When I went to the gym last night for the first time since my toenails were yanked off (hallelujah!!), I wasn't going to weigh because I've been sitting around for 11 days, haven't worked out at all, have walked very little because of the pain. Before that I spent a week tending to my daddy and his health concerns, stuck in a hospital much of the time, where there's no access to anything decent to eat.

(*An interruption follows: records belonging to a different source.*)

(* Let $\varphi\in H^\infty$ be an outer function. Then the analytic Toeplitz operator $T_\varphi$ is embeddable into a $C_0$-semigroup of analytic Toeplitz operators on $H^2$.
   Context: $H^2$ is the Hardy space and $H^\infty$ the bounded analytic functions on the open unit disc $\mathbb{D}$. An outer function is one of the form $c\exp\left(\int_{\mathbb{T}}\frac{\zeta+z}{\zeta-z}\log k(\zeta)\,dm(\zeta)\right)$ with $|c|=1$ and $k>0$, $\log k\in L^1(\mathbb{T})$. For $\psi\in H^\infty$, the analytic Toeplitz operator $T_\psi$ is multiplication by $\psi$ on $H^2$. A bounded operator $T$ is embeddable into a $C_0$-semigroup of analytic Toeplitz operators if there is a strongly continuous semigroup $(T_t)_{t\ge0}$ ($T_0=\mathrm{Id}$, $T_{t+s}=T_tT_s$) with each $T_t$ an analytic Toeplitz operator and $T_1=T$. *)

theory Defs
  imports "HOL-Analysis.Analysis"
begin

abbreviation unit_disc :: "complex set" where
  "unit_disc \<equiv> ball 0 1"

definition h2_mean :: "(complex \<Rightarrow> complex) \<Rightarrow> real \<Rightarrow> real" where
  "h2_mean f r = integral {0..2*pi} (\<lambda>t. (cmod (f (of_real r * cis t)))^2) / (2*pi)"

definition H2 :: "(complex \<Rightarrow> complex) set" where
  "H2 = {f. f holomorphic_on unit_disc \<and> bdd_above (h2_mean f ` {0..<1})}"

definition h2_norm :: "(complex \<Rightarrow> complex) \<Rightarrow> real" where
  "h2_norm f = sqrt (SUP r\<in>{0..<1}. h2_mean f r)"

definition Hinf :: "(complex \<Rightarrow> complex) set" where
  "Hinf = {f. f holomorphic_on unit_disc \<and> bounded (f ` unit_disc)}"

text \<open>Outer functions: c exp(\<integral> (\<zeta>+z)/(\<zeta>-z) log k(\<zeta>) dm(\<zeta>)) with |c|=1, k>0 on the
circle and log k integrable; m is normalised arc length, parametrised by \<zeta> = e^{it}.\<close>
definition outer :: "(complex \<Rightarrow> complex) \<Rightarrow> bool" where
  "outer f \<longleftrightarrow> (\<exists>c k. cmod c = 1 \<and> (\<forall>t. k (cis t) > (0::real)) \<and>
     (\<lambda>t. ln (k (cis t))) absolutely_integrable_on {0..2*pi} \<and>
     (\<forall>z\<in>unit_disc. f z = c * exp (integral {0..2*pi}
        (\<lambda>t. (cis t + z) / (cis t - z) * of_real (ln (k (cis t)))) / (2*pi))))"

text \<open>Operators on H^2 are modelled as maps on functions, acting on elements of H2
and compared by their values on the disc.  T is the analytic Toeplitz operator with
symbol psi.\<close>
definition is_toeplitz_with :: "(complex \<Rightarrow> complex) \<Rightarrow> ((complex \<Rightarrow> complex) \<Rightarrow> (complex \<Rightarrow> complex)) \<Rightarrow> bool" where
  "is_toeplitz_with \<psi> T \<longleftrightarrow> (\<forall>f\<in>H2. \<forall>z\<in>unit_disc. T f z = \<psi> z * f z)"

definition analytic_toeplitz_op :: "((complex \<Rightarrow> complex) \<Rightarrow> (complex \<Rightarrow> complex)) \<Rightarrow> bool" where
  "analytic_toeplitz_op T \<longleftrightarrow> (\<exists>\<psi>\<in>Hinf. is_toeplitz_with \<psi> T)"

definition C0_semigroup_H2 :: "(real \<Rightarrow> (complex \<Rightarrow> complex) \<Rightarrow> (complex \<Rightarrow> complex)) \<Rightarrow> bool" where
  "C0_semigroup_H2 T \<longleftrightarrow>
     (\<forall>t\<ge>0. \<forall>f\<in>H2. T t f \<in> H2) \<and>
     (\<forall>f\<in>H2. \<forall>z\<in>unit_disc. T 0 f z = f z) \<and>
     (\<forall>t\<ge>0. \<forall>s\<ge>0. \<forall>f\<in>H2. \<forall>z\<in>unit_disc. T (t+s) f z = T t (T s f) z) \<and>
     (\<forall>f\<in>H2. \<forall>t0\<ge>0. ((\<lambda>t. h2_norm (\<lambda>z. T t f z - T t0 f z)) \<longlongrightarrow> 0) (at t0 within {0..}))"

definition embeddable_toeplitz_semigroup :: "((complex \<Rightarrow> complex) \<Rightarrow> (complex \<Rightarrow> complex)) \<Rightarrow> bool" where
  "embeddable_toeplitz_semigroup S \<longleftrightarrow>
     (\<exists>T. C0_semigroup_H2 T \<and> (\<forall>t\<ge>0. analytic_toeplitz_op (T t)) \<and>
          (\<forall>f\<in>H2. \<forall>z\<in>unit_disc. T 1 f z = S f z))"

end

theory Submission
  imports Defs "HOL-Complex_Analysis.Cauchy_Integral_Formula"
begin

But can I ever stay off a scale?? Nope. Between the treadmill and the elliptical, I had to run out there and the miracle is that I was just the same as a month ago. Just. The. Same. Stunning, for all of the aforementioned reasons that I should have gained 10 pounds, plus the fact that in that month I have eaten lasagna and chocolate and strawberry shortcake and roast chicken and salad and vegetables and a hamburger and lots of healthy food and lots of not healthy food and chocolate. And chocolate. And I've not gained any weight.

This is incredible. It's unprecedented. I didn't think it was possible. IE theory suggests that after the initial mad scramble to eat everything you've been deprived of for years, there will be a rebalancing of the internal want-to-eat switch. I've experienced some of that in finding myself hungry for good food, healthy food. In allowing myself to eat absolutely anything, I find that I don't want to eat only crap. When I tell myself I'll never eat chocolate again, it's all I can think about. I am so grateful and I feel so relieved. It's as if I have my head back after too many years being lost in the insanity of an eating disorder.